How to Write a Clemency Support Letter Step by Step
Here is a basic guideline of how to write a letter, for those who are stuck on how to begin. Of course you can change the order and make it your own. You can also take more than a single paragraph to make the points below, but try to keep the letter to a single page if possible or two at maximum.
1. Paragraph 1: State why you are writing:
I am writing to ask for clemency for prisoner NAME and ID NUMBER. You can also talk about how long the inmate has served and how and why you think it is society’s best interest for the inmate to be granted clemency.
2. Paragraph 2: Establish your connection to the prisoner — you can simply be a concerned citizen who wants to see justice served, or you may be a friend or family member of the person who is incarcerated, or a friend of their family.
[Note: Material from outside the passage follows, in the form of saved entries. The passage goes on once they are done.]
lemma gexp_add_mod: "int n dvd int ((x + gexp j b) mod n) + int (b + j) - int x"
proof -
  define X where "X = x + gexp j b"
  obtain q where q: "int (gexp j b) = int n * q - int (b + j)" using gexp_int by blast
  have "int X = int n * int (X div n) + int (X mod n)"
    by (simp only: of_nat_mult[symmetric] of_nat_add[symmetric] mult_div_mod_eq)
  then have "int (X mod n) + int (b + j) - int x = int n * (q - int (X div n))"
    using q by (simp add: X_def algebra_simps)
  then show ?thesis unfolding X_def by (rule dvdI)
qed

lemma gexp_Suc:
  assumes "i < n"
  shows "(n - (i + 1) + gexp j b) mod n = gexp (Suc j) (i + b)"
proof (rule gexp_unique[symmetric])
  show "(n - (i + 1) + gexp j b) mod n < n" using n_pos by simp
  have "int n dvd int ((n - (i + 1) + gexp j b) mod n) + int (b + j) - int (n - (i + 1)) + int n"
    using gexp_add_mod by (rule dvd_add) simp
  then show "int n dvd int ((n - (i + 1) + gexp j b) mod n) + int (i + b + Suc j)"
    using assms by (simp add: of_nat_diff algebra_simps)
qed

lemma gexp_shift: "gexp j b1 = (gexp j (b1 + b2) + b2) mod n"
proof (rule gexp_unique)
  show "(gexp j (b1 + b2) + b2) mod n < n" using n_pos by simp
  have "int n dvd int ((b2 + gexp j (b1 + b2)) mod n) + int (b1 + b2 + j) - int b2"
    by (rule gexp_add_mod)
  then show "int n dvd int ((gexp j (b1 + b2) + b2) mod n) + int (b1 + j)"
    by (simp add: algebra_simps)
qed

lemma gexp_mod_left: "gexp ((b1 + j) mod n) b2 = gexp j (b1 + b2)"
  unfolding gexp_def by (simp add: mod_add_right_eq add_ac)

definition wexp :: "nat \<Rightarrow> nat \<Rightarrow> nat" where
  "wexp j b = triangular b + b * gexp j b + (b + j) div n"

definition rho_scalar :: "nat \<Rightarrow> nat \<Rightarrow> 'k" where
  "rho_scalar j b = ((\<omega> - 1) * \<omega>) ^ b * \<omega> ^ wexp j b"

definition rho_coeff :: "nat \<Rightarrow> nat \<Rightarrow> 'k" where
  "rho_coeff j b = qhom \<omega> j b * rho_scalar j b"

definition rho_index :: "nat \<Rightarrow> nat \<Rightarrow> (nat \<times> nat) \<times> nat" where
  "rho_index j b = ((gexp j b, b), (b + j) mod n)"

text \<open>Exponents of \<open>\<omega>\<close> matter only modulo \<open>n\<close>, so the next two identities are checked in \<open>\<int>\<close>
  using the representatives provided by \<open>gexp_int\<close>.\<close>

lemma rho_scalar_mult:
  assumes "b2 < n"
  shows "rho_scalar j b1 * rho_scalar ((b1 + j) mod n) b2 = rho_scalar j (b1 + b2)"
proof -
  define l where "l = (b1 + j) mod n"
  define D where "D = (b1 + j) div n"
  have lD: "int l = int (b1 + j) - int n * int D" unfolding l_def D_def
    by (metis add_diff_cancel_left' div_mult_mod_eq mult.commute of_nat_add of_nat_mult)
  obtain q1 where q1: "int (gexp j b1) = int n * q1 - int (b1 + j)" using gexp_int by blast
  obtain q2 where q2: "int (gexp l b2) = int n * q2 - int (b2 + l)" using gexp_int by blast
  obtain q3 where q3: "int (gexp j (b1 + b2)) = int n * q3 - int (b1 + b2 + j)" using gexp_int by blast
  have "(b1 + j) div n + (b2 + l) div n = (b1 + b2 + j) div n"
    using div_add1_eq[of "b1 + j" b2 n] assms by (simp add: l_def add_ac)
  then have "int (wexp j b1 + wexp l b2) - int (wexp j (b1 + b2))
      = int (gexp j b1) * int b1 + int (gexp l b2) * int b2
        - int (gexp j (b1 + b2)) * (int b1 + int b2) - int b1 * int b2"
    unfolding wexp_def by (simp add: triangular_add algebra_simps)
  also have "\<dots> = int n * (q1 * int b1 + q2 * int b2 + int D * int b2 - q3 * (int b1 + int b2))"
    unfolding q1 q2 q3 by (simp add: algebra_simps lD)
  finally have "\<omega> ^ (wexp j b1 + wexp l b2) = \<omega> ^ wexp j (b1 + b2)"
    by (intro omega_pow_eq_if_dvd) simp
  then show ?thesis unfolding rho_scalar_def l_def[symmetric]
    by (simp add: power_add algebra_simps)
qed

lemma rho_scalar_Suc:
  "rho_scalar (Suc 0) i * rho_scalar j b * \<omega> ^ (i * gexp j b) * \<omega> ^ (((i + 1) mod n + (b + j) mod n) div n)
   = \<omega> ^ b * rho_scalar (Suc j) (i + b)"
proof -
  let ?e = "((i + 1) mod n + (b + j) mod n) div n"
  obtain q1 where q1: "int (gexp (Suc 0) i) = int n * q1 - int (i + Suc 0)" using gexp_int by blast
  obtain q2 where q2: "int (gexp j b) = int n * q2 - int (b + j)" using gexp_int by blast
  obtain q3 where q3: "int (gexp (Suc j) (i + b)) = int n * q3 - int (i + b + Suc j)" using gexp_int by blast
  have "(i + 1) div n + (b + j) div n + ?e = (i + b + Suc j) div n"
    using div_add1_eq[of "i + 1" "b + j" n] by (simp add: add_ac)
  then have "int (wexp (Suc 0) i + wexp j b + i * gexp j b + ?e) - int (b + wexp (Suc j) (i + b))
      = int (gexp (Suc 0) i) * int i + int (gexp j b) * int b + int i * int (gexp j b)
        - int b - int i * int b - int (gexp (Suc j) (i + b)) * (int i + int b)"
    unfolding wexp_def by (simp add: triangular_add algebra_simps)
  also have "\<dots> = int n * (q1 * int i + q2 * int b + q2 * int i - q3 * (int i + int b))"
    unfolding q1 q2 q3 by (simp add: algebra_simps)
  finally have "\<omega> ^ (wexp (Suc 0) i + wexp j b + i * gexp j b + ?e) = \<omega> ^ (b + wexp (Suc j) (i + b))"
    by (intro omega_pow_eq_if_dvd) simp
  then show ?thesis unfolding rho_scalar_def by (simp add: power_add algebra_simps)
qed

lemma rho_u_eq_lincomb:
  "rho_u n \<omega> = lincomb {..<n} (rho_coeff (Suc 0)) (\<lambda>i. ((n - (i + 1), i), (i + 1) mod n))"
  unfolding rho_u_def lincomb_def
proof (intro ext sum.cong refl)
  fix t i assume "i \<in> {..<n}"
  then have i: "i < n" by simp
  have "mulv (taft_basis n) (taft_mult n \<omega>) (taft_pow n \<omega> taft_x i) (taft_pow n \<omega> (taft_g n) (n - (i + 1)))
      = taft_mult n \<omega> (0, i) (n - (i + 1), 0)"
    using i by (simp add: taft_pow_x taft_pow_g mulv_bvec basis_defs)
  then have "tens (mulv (taft_basis n) (taft_mult n \<omega>) (taft_pow n \<omega> taft_x i)
      (taft_pow n \<omega> (taft_g n) (n - (i + 1)))) (A_pow n \<omega> A_u (i + 1)) t =
      \<omega> ^ (i * (n - (i + 1))) * \<omega> ^ ((i + 1) div n) * bvec ((n - (i + 1), i), (i + 1) mod n) t"
    using i by (cases t) (auto simp: A_pow_u taft_mult_def tens_def bvec_def)
  moreover have "coeff_a \<omega> i * \<omega> ^ (i * (n - (i + 1))) * \<omega> ^ ((i + 1) div n) = rho_coeff (Suc 0) i"
  proof -
    have "coeff_a \<omega> i = (\<omega> - 1) ^ i * \<omega> ^ (triangular i + i)"
      unfolding coeff_a_def triangular_Suc_div ..
    then show ?thesis
      using i by (simp add: rho_coeff_def rho_scalar_def wexp_def gexp_1 power_add
          power_mult_distrib mult_ac del: qhom.simps)
  qed
  ultimately show "coeff_a \<omega> i * tens (mulv (taft_basis n) (taft_mult n \<omega>) (taft_pow n \<omega> taft_x i)
      (taft_pow n \<omega> (taft_g n) (n - (i + 1)))) (A_pow n \<omega> A_u (i + 1)) t =
      rho_coeff (Suc 0) i * bvec ((n - (i + 1), i), (i + 1) mod n) t"
    by (simp add: mult.assoc)
qed

lemma rho_coeff_Suc:
  "rho_coeff (Suc j) m = (\<Sum>b\<le>m. rho_coeff (Suc 0) (m - b) * rho_coeff j b *
     \<omega> ^ ((m - b) * gexp j b) * \<omega> ^ (((m - b + 1) mod n + (b + j) mod n) div n))"
proof -
  have "(\<Sum>b\<le>m. rho_coeff (Suc 0) (m - b) * rho_coeff j b *
       \<omega> ^ ((m - b) * gexp j b) * \<omega> ^ (((m - b + 1) mod n + (b + j) mod n) div n))
      = (\<Sum>b\<le>m. qhom \<omega> j b * (rho_scalar (Suc 0) (m - b) * rho_scalar j b *
       \<omega> ^ ((m - b) * gexp j b) * \<omega> ^ (((m - b + 1) mod n + (b + j) mod n) div n)))"
    unfolding rho_coeff_def by (simp del: qhom.simps add: algebra_simps)
  also have "\<dots> = (\<Sum>b\<le>m. qhom \<omega> j b * (\<omega> ^ b * rho_scalar (Suc j) m))"
  proof (intro sum.cong refl)
    fix b assume "b \<in> {..m}"
    then have "m - b + b = m" by simp
    then show "qhom \<omega> j b * (rho_scalar (Suc 0) (m - b) * rho_scalar j b * \<omega> ^ ((m - b) * gexp j b) *
        \<omega> ^ (((m - b + 1) mod n + (b + j) mod n) div n)) = qhom \<omega> j b * (\<omega> ^ b * rho_scalar (Suc j) m)"
      by (simp only: rho_scalar_Suc)
  qed
  also have "\<dots> = rho_coeff (Suc j) m"
    unfolding rho_coeff_def by (simp add: sum_distrib_left sum_distrib_right mult_ac)
  finally show ?thesis ..
qed

lemma rho_u_mult_rho_index:
  assumes "i < n"
  shows "HA_mult n \<omega> ((n - (i + 1), i), (i + 1) mod n) (rho_index j b) =
    (\<lambda>t. if i + b < n
         then \<omega> ^ (i * gexp j b) * \<omega> ^ (((i + 1) mod n + (b + j) mod n) div n) *
              bvec (rho_index (Suc j) (i + b)) t
         else 0)"
proof -
  have "(((n - (i + 1) + gexp j b) mod n, i + b), ((i + 1) mod n + (b + j) mod n) mod n)
      = rho_index (Suc j) (i + b)"
    unfolding rho_index_def gexp_Suc[OF assms] by (simp add: mod_add_eq add_ac)
  moreover have "(i + 1) mod n < n" "(b + j) mod n < n" using n_pos by auto
  ultimately show ?thesis
    by (simp only: rho_index_def[of j b] HA_mult_basis)
qed

lemma rho_u_power: "HA_pow n \<omega> (rho_u n \<omega>) j = lincomb {..<n} (rho_coeff j) (rho_index j)"
proof (induction j)
  case 0
  have "lincomb {..<n} (rho_coeff 0) (rho_index 0) = lincomb {0} (rho_coeff 0) (rho_index 0)"
    using n_pos by (intro lincomb_mono_neutral[symmetric]) (auto simp: rho_coeff_def)
  also have "\<dots> = bvec ((0, 0), 0)"
    by (simp add: lincomb_def rho_coeff_def rho_scalar_def wexp_def rho_index_def gexp_def)
  finally show ?case by (simp add: HA_pow_def powv_def taft_one_def A_one_def tens_bvec)
next
  case (Suc j)
  let ?c = "\<lambda>i b. rho_coeff (Suc 0) i * rho_coeff j b *
    (\<omega> ^ (i * gexp j b) * \<omega> ^ (((i + 1) mod n + (b + j) mod n) div n))"
  have "HA_pow n \<omega> (rho_u n \<omega>) (Suc j) = (\<lambda>t. \<Sum>i<n. \<Sum>b<n. rho_coeff (Suc 0) i * rho_coeff j b *
      HA_mult n \<omega> ((n - (i + 1), i), (i + 1) mod n) (rho_index j b) t)"
    unfolding HA_pow_Suc Suc.IH unfolding rho_u_eq_lincomb using n_pos
    by (intro mulv_lincomb) (auto simp: rho_index_def gexp_less basis_defs)
  also have "\<dots> = (\<lambda>t. \<Sum>i<n. \<Sum>b<n. if i + b < n then ?c i b * bvec (rho_index (Suc j) (i + b)) t else 0)"
  proof (intro ext sum.cong refl)
    fix t i b assume "i \<in> {..<n}"
    then have "i < n" by simp
    show "rho_coeff (Suc 0) i * rho_coeff j b * HA_mult n \<omega> ((n - (i + 1), i), (i + 1) mod n) (rho_index j b) t
        = (if i + b < n then ?c i b * bvec (rho_index (Suc j) (i + b)) t else 0)"
      unfolding rho_u_mult_rho_index[OF \<open>i < n\<close>] by (simp add: mult.assoc)
  qed
  also have "\<dots> = lincomb {(i, b) \<in> {..<n} \<times> {..<n}. i + b < n} (\<lambda>(i, b). ?c i b)
      (\<lambda>(i, b). rho_index (Suc j) (i + b))"
    by (rule lincomb_if) auto
  also have "\<dots> = lincomb {..<n} (rho_coeff (Suc j)) (rho_index (Suc j))"
    unfolding lincomb_antidiagonal by (intro lincomb_cong refl) (simp only: rho_coeff_Suc[of j] mult.assoc)
  finally show ?case .
qed

lemma rho_coeff_mult:
  assumes "j < n" "b1 < n" "b2 < n"
  shows "rho_coeff j b1 * rho_coeff ((b1 + j) mod n) b2 =
    (if b1 + b2 < n then rho_coeff j (b1 + b2) * qbinom b2 b1 else 0)"
proof -
  have "rho_coeff j b1 * rho_coeff ((b1 + j) mod n) b2 =
      (qhom \<omega> j b1 * qhom \<omega> ((b1 + j) mod n) b2) * (rho_scalar j b1 * rho_scalar ((b1 + j) mod n) b2)"
    unfolding rho_coeff_def by (simp add: ac_simps)
  also have "\<dots> = (if b1 + b2 < n then qhom \<omega> j (b1 + b2) * qbinom b2 b1 else 0) * rho_scalar j (b1 + b2)"
    using assms by (simp only: qhom_mult rho_scalar_mult)
  finally show ?thesis
    unfolding rho_coeff_def by (simp add: ac_simps)
qed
Whatever it is, let the President or Pardon Attorney know your connection and why you were inspired to write on their behalf.
3. Paragraph 3: If you know anything about the inmate, like any classes they have taken, awards they received or degrees they have earned, or other ways they have worked to better themselves while in prison, mention it now. Maybe they have never been written up for disciplinary action, or they have maintained a job in the prison factory. If you personally know them and know their character you can also talk about that.
4. Last Paragraph: Summarize your letter in last paragraph and again repeat your request for mercy, leniency, and clemency so the inmate can return to their loved ones.
5. Sign it!: Sign your letter and include your address. If you have a professional title, include that as well.
6. Mail It!: Mail the letter to the pardon attorney and don’t forget to send a copy to the President at the White House. (1600 Pennsylvania Ave NW, Washington, DC 20500, USA)
Examples of Clemency Support Letters
Here are some prisoners in need of support (there are others as well). The first link will give you more information about the prisoner, the second will take you to an example of a clemency support letter I wrote for them that you are free to paraphrase, copy, edit, etc.
- About Craig Cesal — Sample Clemency Support Letter for Craig Cesal
- About John Knock – Sample Clemency Support Letter for John Knock
- About Michael Pelletier — Sample Clemency Support Letter for Michael Pelletier
Thank you for taking the time to help a marijuana prisoner. Writing a letter in support of their clemency is one of the most important and effective things you can do! For instance, Billy Dekle used to be part of the list above, and we collected hundreds of clemency support letters for him. In December 2015 he was granted clemency by President Obama.